### 11. Train and fine-tune an SVM regressor on the California housing dataset. You can use the original dataset rather than the tweaked version we used in Chapter 2, which you can load using `sklearn.datasets.fetch_california_housing()`. The targets represent hundreds of thousands of dollars. Since there are over 20,000 instances, SVMs can be slow, so for hyperparameter tuning you should use far fewer instances (e.g. 2000) to test many more hyperparameter combinations.

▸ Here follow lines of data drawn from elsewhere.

lemma qrate_eq_0:
  assumes "v \<notin> jump_set"
  shows "qrate lam mu P v = 0"
proof -
  have "v \<noteq> unitv i" "v \<noteq> - unitv i" "v \<noteq> unitv j - unitv i" for i j
    using assms rev_image_eqI[of "(i, j)" UNIV _ "\<lambda>(i, j). unitv j - unitv i"]
    by (auto simp: jump_set_def)
  then show ?thesis by (simp add: qrate_def)
qed

lemma gen_eq_finite_sum:
  "gen lam mu P f y = (\<Sum>z\<in>(\<lambda>v. y + v) ` jump_set \<inter> posorth. qrate lam mu P (z - y) * (f z - f y))"
  unfolding gen_def
proof (subst infsum_cong_neutral)
  fix z assume "z \<in> posorth - ((\<lambda>v. y + v) ` jump_set \<inter> posorth)"
  then have "z - y \<notin> jump_set" by (auto simp: image_iff)
  then show "qrate lam mu P (z - y) * (f z - f y) = 0" by (simp add: qrate_eq_0)
qed (use finite_jump_set in \<open>auto intro: infsum_finite\<close>)

lemma gen_sum:
  fixes f :: "'k \<Rightarrow> int^'d::finite \<Rightarrow> real"
  shows "gen lam mu P (\<lambda>x. \<Sum>k\<in>K. f k x) y = (\<Sum>k\<in>K. gen lam mu P (f k) y)"
  unfolding gen_eq_finite_sum
  by (simp add: sum_subtractf[symmetric] sum_distrib_left sum.swap[of _ K])

lemma sum_if_diff_eq:
  fixes g :: "'a::ab_group_add \<Rightarrow> 'b::comm_monoid_add"
  assumes "finite U"
  shows "(\<Sum>z\<in>U. if z - y = v then g z else 0) = (if y + v \<in> U then g (y + v) else 0)"
proof -
  have "(\<Sum>z\<in>U. if z - y = v then g z else 0) = (\<Sum>z\<in>U. if y + v = z then g z else 0)"
    by (intro sum.cong refl) (auto simp: algebra_simps)
  then show ?thesis using assms by simp
qed
(* Let $X$ be a Euclidean polyhedral space, $U\subset X$ an open subset, $\Pi$ a polyhedral complex on $X$, $f,g$ piecewise affine functions on $U$ defined on $\Pi$, and $c$ a $k$-dimensional weight on $\Pi|_U$. Then $f\cdot(g\cdot c)=g\cdot(f\cdot c)$.
   Context: Polyhedral spaces. Let $X$ be a second countable topological space. A polyhedral structure $\Pi$ on $X$ is a locally finite covering of $X$ by distinct closed subsets $\sigma$ (the polyhedra of $\Pi$), each equipped with a finite-dimensional vector space $M_\sigma$ of continuous real functions on $\sigma$ such that, with $N_\sigma=\operatorname{Hom}(M_\sigma,\mathbb{R})$, the evaluation map $\phi_\sigma\colon\sigma\to N_\sigma$ is a homeomorphism onto a full-dimensional convex polyhedron of an affine hyperplane $H_\sigma\subset N_\sigma$ not containing $0$. Faces of $\sigma$ are the preimages under $\phi_\sigma$ of faces of $\phi_\sigma(\sigma)$ (the empty set is a face). One requires that every face of a polyhedron of $\Pi$ is a polyhedron of $\Pi$ whose function space consists of the restrictions of the functions in $M_\sigma$, and that any two polyhedra intersect in a common face. Via $\phi_\sigma$, each polyhedron inherits an affine structure (its affine functions are the elements of $M_\sigma$), a dimension, faces, facets (codimension-one faces), and a relative interior. $\Pi'$ is a subdivision of $\Pi$ if every polyhedron of $\Pi'$ is contained in a polyhedron of $\Pi$ with affine inclusion; two structures are equivalent if they have a common subdivision. A polyhedral space is $X$ with an equivalence class of polyhedral structures; a polyhedral complex on $X$ is a member of this class. We write $\tau\prec\sigma$ (or $\sigma\succ\tau$) if $\tau$ is a face of $\sigma$. Euclidean polyhedral spaces. A Euclidean polyhedral space is a polyhedral space $X$ together with a finite-dimensional real vector space $N_X$ with a Euclidean inner product and a map $\iota\colon X\to N_X$ whose image lies in an affine hyperplane $H_X$ not containing $0$, such that there is a polyhedral complex on $X$ on each of whose polyhedra $\iota$ is injective and affine; only polyhedral complexes with this property are called polyhedral complexes on $X$. For $\sigma\in\Pi$ and a nonempty facet $\tau$ of $\sigma$, $v_{\sigma\setminus\tau}\in N_X$ denotes the unit vector orthogonal to the affine span of $\iota(\tau)$, parallel to the affine span of $\iota(\sigma)$, and pointing from $\iota(\tau)$ towards $\iota(\sigma)$. Weights and products. For $U\subset X$ open, $\Pi|_U$ is the set of polyhedra of $\Pi$ meeting $U$ and $\Pi|_U(k)$ the set of those of dimension $k$. A $k$-dimensional weight on $\Pi|_U$ is a map $c\colon\Pi|_U(k)\to\mathbb{R}$ (extended by $0$ on polyhedra of other dimensions). A piecewise affine function on $U$ defined on $\Pi$ is a function $f\colon U\to\mathbb{R}$ such that for every $\sigma\in\Pi|_U$, $f|_{\sigma\cap U}$ is the restriction of an affine function on $\sigma$; one then chooses linear functions $f_\sigma\colon N_X\to\mathbb{R}$ with $f=f_\sigma\circ\iota$ on $\sigma\cap U$. The product $f\cdot c$ is the $(k-1)$-dimensional weight on $\Pi|_U$ given for $\tau\in\Pi|_U(k-1)$ by $(f\cdot c)(\tau)=-\sum_{\sigma\in\Pi|_U(k),\,\sigma\succ\tau}c(\sigma)\,f_\sigma(v_{\sigma\setminus\tau})$ (this does not depend on the choice of the $f_\sigma$). *)

theory Defs
  imports "HOL-Analysis.Analysis"
begin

What is your best model's RMSE?

In [2]:
# Stops the SSL error when trying to fetch the dataset
import ssl
ssl._create_default_https_context = ssl._create_stdlib_context

In [5]:
from sklearn.datasets import fetch_california_housing

df_housing = fetch_california_housing(as_frame=True)

In [8]:
print(df_housing.DESCR)

.. _california_housing_dataset:

California Housing dataset
--------------------------

**Data Set Characteristics:**

:Number of Instances: 20640

:Number of Attributes: 8 numeric, predictive attributes and the target

:Attribute Information:
    - MedInc        median income in block group
    - HouseAge      median house age in block group
    - AveRooms      average number of rooms per household
    - AveBedrms     average number of bedrooms per household
    - Population    block group population
    - AveOccup      average number of household members
    - Latitude      block group latitude
    - Longitude     block group longitude

:Missing Attribute Values: None

This dataset was obtained from the StatLib repository.
https://www.dcc.fc.up.pt/~ltorgo/Regression/cal_housing.html

The target variable is the median house value for California districts,
expressed in hundreds of thousands of dollars ($100,000).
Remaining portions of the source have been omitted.